As shown in FIG. 5, in the present embodiment, the ground 6 including the contaminated soil is excavated to form a hole 7, and the zeolitic foam glass G is put into the hole 7 and filled. At this time, the hole 7 is formed to a position deeper than the groundwater surface S so that the zeolitic foamed glass G filled in the hole 7 is in contact with the groundwater.

  Contaminants contained in the ground including the contaminated soil are dissolved in the groundwater, and this groundwater oozes into the holes 7 and comes into contact with the zeolitic foam glass G filled in the holes 7. Thereby, the pollutant contained in the contaminated soil penetrates into the gap between the zeolitic foamed glass G together with the ground water, and is adsorbed or ion-exchanged in contact with the zeolite on the foamed glass surface and the gap inner surface. The zeolitic foamed glass G after the contaminant adsorption is removed from the hole 7.

  Thus, also in this embodiment, it is possible to efficiently exhibit the adsorption capacity and ion exchange capacity by zeolite, and to perform the treatment of contaminated soil and groundwater contained therein at low cost. The zeolitic foam glass G in the present embodiment can be used with any specific gravity.

  The contaminated soil treatment method and the contaminated soil treatment apparatus of the present invention are contained in soil, sludge, etc. or contaminated soil contaminated with contaminants such as lead, chromium, cadmium, mercury, polychlorinated biphenyl (PCB), tetrachlorethylene and dioxin. Useful for purification of groundwater.
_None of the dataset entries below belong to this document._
text \<open>
  For real \<open>r\<close>, \<open>det (A + r V) = det V \<cdot> \<Prod>\<^sub>i (r - z\<^sub>i)\<close> with complex roots \<open>z\<^sub>i\<close>,
  and \<open>|r - z\<^sub>i| \<ge> |r - Re z\<^sub>i|\<close>. By AM-GM, \<open>|det (A + r V)|\<^sup>-\<^sup>s\<^sup>/\<^sup>n\<close> is therefore at most
  \<open>|det V|\<^sup>-\<^sup>s\<^sup>/\<^sup>n\<close> times the mean of the one-dimensional singularities \<open>|r - Re z\<^sub>i|\<^sup>-\<^sup>s\<close>.
  Each of these is integrated against \<open>\<rho>\<close> by splitting at distance \<open>t\<close> from the
  singularity: outside, \<open>|r - a|\<^sup>-\<^sup>s \<le> t\<^sup>-\<^sup>s\<close> and \<open>\<rho>\<close> contributes its \<open>L\<^sup>1\<close> norm; inside,
  \<open>\<rho> \<le> \<parallel>\<rho>\<parallel>\<^sub>\<infinity>\<close> and \<open>|r - a|\<^sup>-\<^sup>s\<close> is integrable. Optimising over \<open>t\<close> gives the first
  inequality; the second is Young's inequality, i.e. the optimum is below the value at \<open>t = \<lambda>\<close>.
\<close>

lemma nn_integral_abs_powr_interval:
  fixes s t a :: real
  assumes s: "0 < s" "s < 1" and t: "0 < t"
  shows "(\<integral>\<^sup>+ x. ennreal (indicator {-t..t} (x - a) * \<bar>x - a\<bar> powr (-s)) \<partial>lborel)
         = ennreal (2 * t powr (1 - s) / (1 - s))"
proof -
  have right: "((\<lambda>x. \<bar>x\<bar> powr (-s)) has_integral (t powr (1 - s) / (1 - s))) {0..t}"
    using has_integral_powr_from_0[of "-s" t] s t
    by (auto intro: has_integral_eq[rotated])
  have "((\<lambda>x. (-x) powr (-s)) has_integral (t powr (1 - s) / (1 - s))) {-t..-0}"
    using has_integral_powr_from_0[of "-s" t] s t by (subst has_integral_reflect_real) simp
  then have "((\<lambda>x. (-x) powr (-s)) has_integral (t powr (1 - s) / (1 - s))) {-t..0}"
    by simp
  then have left: "((\<lambda>x. \<bar>x\<bar> powr (-s)) has_integral (t powr (1 - s) / (1 - s))) {-t..0}"
    by (rule has_integral_eq[rotated]) auto
  have both: "((\<lambda>x. \<bar>x\<bar> powr (-s)) has_integral (2 * t powr (1 - s) / (1 - s))) {-t..t}"
    using has_integral_combine[OF _ _ left right] t by simp
  have restrict: "(\<lambda>x. indicator {-t..t} x * \<bar>x\<bar> powr (-s))
                 = (\<lambda>x. if x \<in> {-t..t} then \<bar>x\<bar> powr (-s) else 0)"
    by (auto simp: indicator_def)
  have "((\<lambda>x. indicator {-t..t} x * \<bar>x\<bar> powr (-s)) has_integral (2 * t powr (1 - s) / (1 - s))) UNIV"
    unfolding restrict has_integral_restrict_UNIV by (rule both)
  then have "(\<integral>\<^sup>+ x. ennreal (indicator {-t..t} x * \<bar>x\<bar> powr (-s)) \<partial>lborel)
         = ennreal (2 * t powr (1 - s) / (1 - s))"
    by (subst nn_integral_has_integral_lborel) auto
  then show ?thesis
    using nn_integral_real_affine[of "\<lambda>x. ennreal (indicator {-t..t} x * \<bar>x\<bar> powr (-s))" 1 "-a"]
    by simp
qed

lemma nn_integral_abs_powr_weight_le:
  fixes s t a b :: real and \<rho> :: "real \<Rightarrow> real"
  assumes s: "0 < s" "s < 1" and t: "0 < t" and b: "0 \<le> b"
    and nn: "\<And>r. 0 \<le> \<rho> r" and int: "integrable lborel \<rho>"
    and bd: "AE r in lborel. \<rho> r \<le> b"
  shows "(\<integral>\<^sup>+ r. ennreal (\<bar>r - a\<bar> powr (-s) * \<rho> r) \<partial>lborel)
     \<le> ennreal (t powr (-s) * (\<integral>r. \<rho> r \<partial>lborel) + 2 * t powr (1 - s) / (1 - s) * b)"
proof -
  have [measurable]: "\<rho> \<in> borel_measurable borel"
    using int by (simp add: borel_measurable_integrable)
  let ?near = "\<lambda>r. indicator {-t..t} (r - a) * \<bar>r - a\<bar> powr (-s)"
  have pointwise: "\<bar>r - a\<bar> powr (-s) * \<rho> r \<le> t powr (-s) * \<rho> r + b * ?near r"
    if "\<rho> r \<le> b" for r
  proof (cases "\<bar>r - a\<bar> \<le> t")
    case True
    have "\<bar>r - a\<bar> powr (-s) * \<rho> r \<le> \<bar>r - a\<bar> powr (-s) * b"
      using that by (intro mult_left_mono) auto
    moreover have "0 \<le> t powr (-s) * \<rho> r" using nn by simp
    ultimately show ?thesis using True by (auto simp: indicator_def algebra_simps)
  next
    case False
    have "\<bar>r - a\<bar> powr (-s) \<le> t powr (-s)"
      using False s t by (intro powr_mono2') auto
    then have "\<bar>r - a\<bar> powr (-s) * \<rho> r \<le> t powr (-s) * \<rho> r"
      using nn by (intro mult_right_mono) auto
    moreover have "0 \<le> b * ?near r" using b by simp
    ultimately show ?thesis by linarith
  qed
  have "(\<integral>\<^sup>+ r. ennreal (\<bar>r - a\<bar> powr (-s) * \<rho> r) \<partial>lborel)
     \<le> (\<integral>\<^sup>+ r. ennreal (t powr (-s) * \<rho> r + b * ?near r) \<partial>lborel)"
    using bd by (intro nn_integral_mono_AE) (auto elim!: eventually_mono intro!: ennreal_leI pointwise)
  also have "\<dots> = (\<integral>\<^sup>+ r. ennreal (t powr (-s)) * ennreal (\<rho> r) + ennreal b * ennreal (?near r) \<partial>lborel)"
    using b nn by (intro nn_integral_cong) (simp add: ennreal_mult)
  also have "\<dots> = ennreal (t powr (-s)) * (\<integral>\<^sup>+ r. ennreal (\<rho> r) \<partial>lborel)
                  + ennreal b * (\<integral>\<^sup>+ r. ennreal (?near r) \<partial>lborel)"
    by (subst nn_integral_add) (auto simp: nn_integral_cmult)
  also have "(\<integral>\<^sup>+ r. ennreal (\<rho> r) \<partial>lborel) = ennreal (\<integral>r. \<rho> r \<partial>lborel)"
    using int nn by (intro nn_integral_eq_integral) auto
  also note nn_integral_abs_powr_interval[OF s t, of a]
  also have "ennreal (t powr (-s)) * ennreal (\<integral>r. \<rho> r \<partial>lborel)
               + ennreal b * ennreal (2 * t powr (1 - s) / (1 - s))
             = ennreal (t powr (-s) * (\<integral>r. \<rho> r \<partial>lborel) + 2 * t powr (1 - s) / (1 - s) * b)"
    using b s t nn by (simp add: ennreal_mult[symmetric] mult.commute)
  finally show ?thesis .
qed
It is a flowchart which shows the 1st manufacturing method of zeolitic foam glass. It is a flowchart which shows the 2nd manufacturing method of zeolitic foam glass. It is a flowchart which shows the 3rd manufacturing method of zeolitic foam glass. It is a schematic block diagram of the contaminated soil processing apparatus in the 1st Embodiment of this invention. It is sectional drawing which shows the contaminated soil processing method in the 2nd Embodiment of this invention.

Explanation of symbols

G Zeolite Foamed Glass 1 Mixing tank 2 Separation tank 3 Stirring blade 4 Motor 5 Belt conveyor 6 Ground 7 Hole

Claims (8)

  After the foamed glass whose surface is zeoliticized in the contaminated soil (hereinafter referred to as “zeolitic foamed glass”) is adsorbed on the zeolitic foamed glass, the pollutant contained in the contaminated soil is adsorbed. A method for treating contaminated soil, comprising separating the zeolitic foamed glass and soil.   The contaminated soil is mixed with the zeolitic foamed glass introduced into the contaminated soil, and the pollutant contained in the contaminated soil is adsorbed on the zeolitic foamed glass, and then left or left floating and separated. The method for treating contaminated soil according to claim 1, wherein the substance is removed.   The contaminated soil treatment method according to claim 2, wherein a material having a bulk specific gravity of less than 1 is used as the zeolitic foamed glass.   The contaminated soil treatment method according to claim 2 or 3, wherein water is added to the contaminated soil together with the zeolitic foamed glass and mixed.   The contaminated soil treatment method according to claim 4, wherein the water separated by standing or floating is reused as the water.   After forming a hole in the ground containing the contaminated soil and filling the hole with the zeolitic foam glass, the pollutant contained in the contaminated soil is adsorbed on the zeolitic foam glass, and then the zeolite The contaminated soil treatment method according to claim 1, wherein the polluted foam glass is taken out and the pollutant is removed.   A contaminated soil treatment apparatus comprising a tank for containing contaminated soil, and a mixing device for mixing the contaminated soil in the tank and the zeolitic foam glass.   The contaminated soil treatment apparatus according to claim 7, wherein a material having a bulk specific gravity of less than 1 is used as the zeolitic foam glass.